Predictive Analytics is a specialize data processing techniques focusing in solving the problem of predicting future outcome based on analyzing previous collected data. The processing cycle typically involves two phases of processing:

- Training phase: Learn a model from training data
- Predicting phase: Deploy the model to production and use that to predict the unknown or future outcome

## Determine the input and output

At this step, we define the output (what we predict) as well as the input data (what we use) in this exercise.
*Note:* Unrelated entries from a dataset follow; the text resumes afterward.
(* Let $K\subset\mathbb{R}^n$ be a closed set, $\alpha>0$, $\gamma:[0,1]\to(K^{\oplus\alpha})^c$ a rectifiable path of length $L(\gamma)$ and $T\ge0$. Then the pushed path $\gamma^{[T]}$ is rectifiable and its length satisfies $$L\big(\gamma^{[T]}\big)\le 2T+L(\gamma)\,e^{T/\alpha}.$$
   Context: $R_K(x)=d(x,K)$; $\Theta_K(x)=\{y\in K:\|x-y\|=R_K(x)\}$; for bounded $S$, $\mathrm{center}(S)$ is the center of the smallest ball enclosing $S$; for $x\notin K$, $\nabla_K(x)=(x-\mathrm{center}(\Theta_K(x)))/R_K(x)$. $\Phi_K:[0,\infty)\times K^c\to K^c$ is the flow of $\nabla_K$: the continuous (locally Lipschitz) semiflow with $\Phi_K(0,x)=x$, $\Phi_K(t_1,\Phi_K(t_2,x))=\Phi_K(t_1+t_2,x)$ and right derivative $\frac{d}{dt^+}\Phi_K(t,x)=\nabla_K(\Phi_K(t,x))$. $K^{\oplus\alpha}=\{x:d(x,K)\le\alpha\}$. For a rectifiable path $\gamma:[0,1]\to K^c$ and $T\ge0$, the pushed path $\gamma^{[T]}:[0,1]\to K^c$ from $\gamma(0)$ to $\gamma(1)$ is defined by $\gamma^{[T]}(t)=\Phi_K(3tT,\gamma(0))$ for $t\in[0,1/3]$, $\gamma^{[T]}(t)=\Phi_K(T,\gamma(3t-1))$ for $t\in[1/3,2/3]$, and $\gamma^{[T]}(t)=\Phi_K(3(1-t)T,\gamma(1))$ for $t\in[2/3,1]$. *)

theory Defs
  imports "HOL-Analysis.Analysis"
begin

definition distK :: "'a::euclidean_space set \<Rightarrow> 'a \<Rightarrow> real" where
  "distK K x = infdist x K"

definition ThetaK :: "'a::euclidean_space set \<Rightarrow> 'a \<Rightarrow> 'a set" where
  "ThetaK K x = {y \<in> K. dist x y = distK K x}"

definition encl_radius :: "'a::euclidean_space set \<Rightarrow> 'a \<Rightarrow> real" where
  "encl_radius S c = (SUP y\<in>S. dist c y)"

definition center :: "'a::euclidean_space set \<Rightarrow> 'a" where
  "center S = (SOME c. \<forall>c'. encl_radius S c \<le> encl_radius S c')"

definition gradK :: "'a::euclidean_space set \<Rightarrow> 'a \<Rightarrow> 'a" where
  "gradK K x = (1 / distK K x) *\<^sub>R (x - center (ThetaK K x))"

definition offset :: "'a::euclidean_space set \<Rightarrow> real \<Rightarrow> 'a set" where
  "offset K a = {x. distK K x \<le> a}"

definition is_flowK :: "'a::euclidean_space set \<Rightarrow> (real \<Rightarrow> 'a \<Rightarrow> 'a) \<Rightarrow> bool" where
  "is_flowK K Phi \<longleftrightarrow>
     (\<forall>x. x \<notin> K \<longrightarrow> Phi 0 x = x) \<and>
     (\<forall>t x. t \<ge> 0 \<longrightarrow> x \<notin> K \<longrightarrow> Phi t x \<notin> K) \<and>
     (\<forall>t1 t2 x. t1 \<ge> 0 \<longrightarrow> t2 \<ge> 0 \<longrightarrow> x \<notin> K \<longrightarrow> Phi t1 (Phi t2 x) = Phi (t1 + t2) x) \<and>
     continuous_on ({0..} \<times> (- K)) (\<lambda>(t, x). Phi t x) \<and>
     local_lipschitz {0..} (- K) Phi \<and>
     (\<forall>t x. t \<ge> 0 \<longrightarrow> x \<notin> K \<longrightarrow>
        ((\<lambda>s. Phi s x) has_vector_derivative gradK K (Phi t x)) (at t within {t..}))"

definition chord_sums :: "(real \<Rightarrow> 'a::euclidean_space) \<Rightarrow> real set" where
  "chord_sums g = {(\<Sum>i<k. dist (g (t i)) (g (t (Suc i)))) | t k.
      t 0 = 0 \<and> t k = 1 \<and> (\<forall>i<k. t i \<le> t (Suc i))}"

definition rectifiable_path :: "(real \<Rightarrow> 'a::euclidean_space) \<Rightarrow> bool" where
  "rectifiable_path g \<longleftrightarrow> path g \<and> bdd_above (chord_sums g)"

definition path_length :: "(real \<Rightarrow> 'a::euclidean_space) \<Rightarrow> real" where
  "path_length g = Sup (chord_sums g)"

definition pushed_path :: "(real \<Rightarrow> 'a \<Rightarrow> 'a) \<Rightarrow> real \<Rightarrow> (real \<Rightarrow> 'a) \<Rightarrow> real \<Rightarrow> 'a" where
  "pushed_path Phi T g t =
     (if t \<le> 1/3 then Phi (3 * t * T) (g 0)
      else if t \<le> 2/3 then Phi T (g (3 * t - 1))
      else Phi (3 * (1 - t) * T) (g 1))"

end

theory Submission
  imports Defs
begin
If the output is predicting a continuous numeric quantity, we call this exercise a “regression”. If the output is predicting a discrete category, we call it a “classification”. Similarly, input can also be a number, a category, or a mix of both.Determine the ultimate output is largely a business requirement and usually well-defined (e.g. predicting the quarterly revenue). However, there are many intermediate outputs that are related (in fact they are be input) to the final output. In my experience, determining these set of intermediate outputs usually go through an back-tracking exploratory process as follows.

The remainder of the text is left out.